A ball is launched from ground level at 5m/s at an angle of 30 degrees above the horizontal. What is its height above ground level at the highest point in its trajectory?

STEP 1: Draw a diagram!

Remember to include all the useful information you are given in the question i.e. the initial velocity of the ball (5m/s at 30 degrees above the horizontal). This can be shown as a vector quantity pointing at 30 degrees above a horizontal reference line, with horizontal and vertical components shown in dotted lines.

Add your sign convention to the diagram. This is shown by drawing an arrow pointing to each of the positive horizontal and vertical directions. It doesn’t matter what sign convention you choose, just stick to it.

It may also be useful to draw a rough trajectory for the ball (an upside-down parabola) to visualise what is going on.

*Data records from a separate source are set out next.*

section \<open>The infinite dihedral group acting on the integers\<close>

lemma dmul_assoc: "dmul (dmul a b) c = dmul a (dmul b c)"
  by (cases a; cases b; cases c) auto

lemma dmul_dunit_left [simp]: "dmul dunit a = a"
  by (cases a) (auto simp: dunit_def)

lemma dmul_dunit_right [simp]: "dmul a dunit = a"
  by (cases a) (auto simp: dunit_def)

lemma dmul_dinv_left [simp]: "dmul (dinv a) a = dunit"
  by (cases a) (auto simp: dunit_def)

lemma dmul_dinv_right [simp]: "dmul a (dinv a) = dunit"
  by (cases a) (auto simp: dunit_def)

lemma dinv_dinv [simp]: "dinv (dinv a) = a"
  by (cases a) auto

lemma dinv_dmul: "dinv (dmul a b) = dmul (dinv b) (dinv a)"
  by (cases a; cases b) auto

lemma dmul_dinv_cancel_left [simp]: "dmul (dinv a) (dmul a b) = b"
  by (simp flip: dmul_assoc)

lemma dmul_idem_iff: "dmul u u = u \<longleftrightarrow> u = dunit"
  by (metis dmul_dinv_cancel_left dmul_dunit_right)

lemma dmul_conj_eq_iff: "dmul u (dmul v (dinv w)) = z \<longleftrightarrow> v = dmul (dinv u) (dmul z w)"
  by (metis dinv_dinv dinv_dmul dmul_assoc dmul_dinv_cancel_left)

text \<open>\<open>D m e\<close> acts as \<open>j \<mapsto> 2 m + j\<close> or \<open>j \<mapsto> 2 m - 1 - j\<close>; the action is simply
  transitive, and \<open>zindex h\<close>, the image of 0 under \<open>h\<^sup>-\<^sup>1\<close>, identifies \<open>D\<^sub>\<infinity>\<close> with \<open>\<int>\<close>.\<close>
fun zmap :: "dinf \<Rightarrow> int \<Rightarrow> int" where
  "zmap (D m e) j = (if e then 2 * m - 1 - j else j + 2 * m)"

STEP 2: Set up your SUVAT equations

Write down the information you have in terms of the SUVAT equation quantities. Remember that the horizontal and vertical components are independent, and think about which set(s) of components you need to answer the question.

Since the question asks for the height of the ball, you only need to think about the vertical components.

So, considering only the vertical components, at the highest point in the ball's trajectory:

NOTE: I used a sign convention such that the positive vertical direction is upwards.

s = displacement = H (This is the quantity you want to find, so leave it as an unknown. I've called it H (for height) here.)

u = initial velocity = 5*sin(30) = 2.5m/s (Remember to only use the vertical component of the initial velocity! This was found from the vector diagram earlier, using trigonometry.)

v = velocity of ball at time of interest = 0m/s (This is key to getting the correct answer. At the instant that the ball reaches its highest point, it cannot be moving any higher, but has not yet started moving downwards, so its vertical velocity must be momentarily zero. Therefore V=0m/s.)

a = acceleration = -g = -9.81m/s^2 (The acceleration everywhere on the surface of Earth is a constant 9.81m/s^2, given the symbol “g” for convenience. Exam Tip: Take “g” to be 9.81m/s^2, unless the question says otherwise.)

t = time elapsed = ???? (You don’t need to know the time elapsed to answer the question so ignore T!)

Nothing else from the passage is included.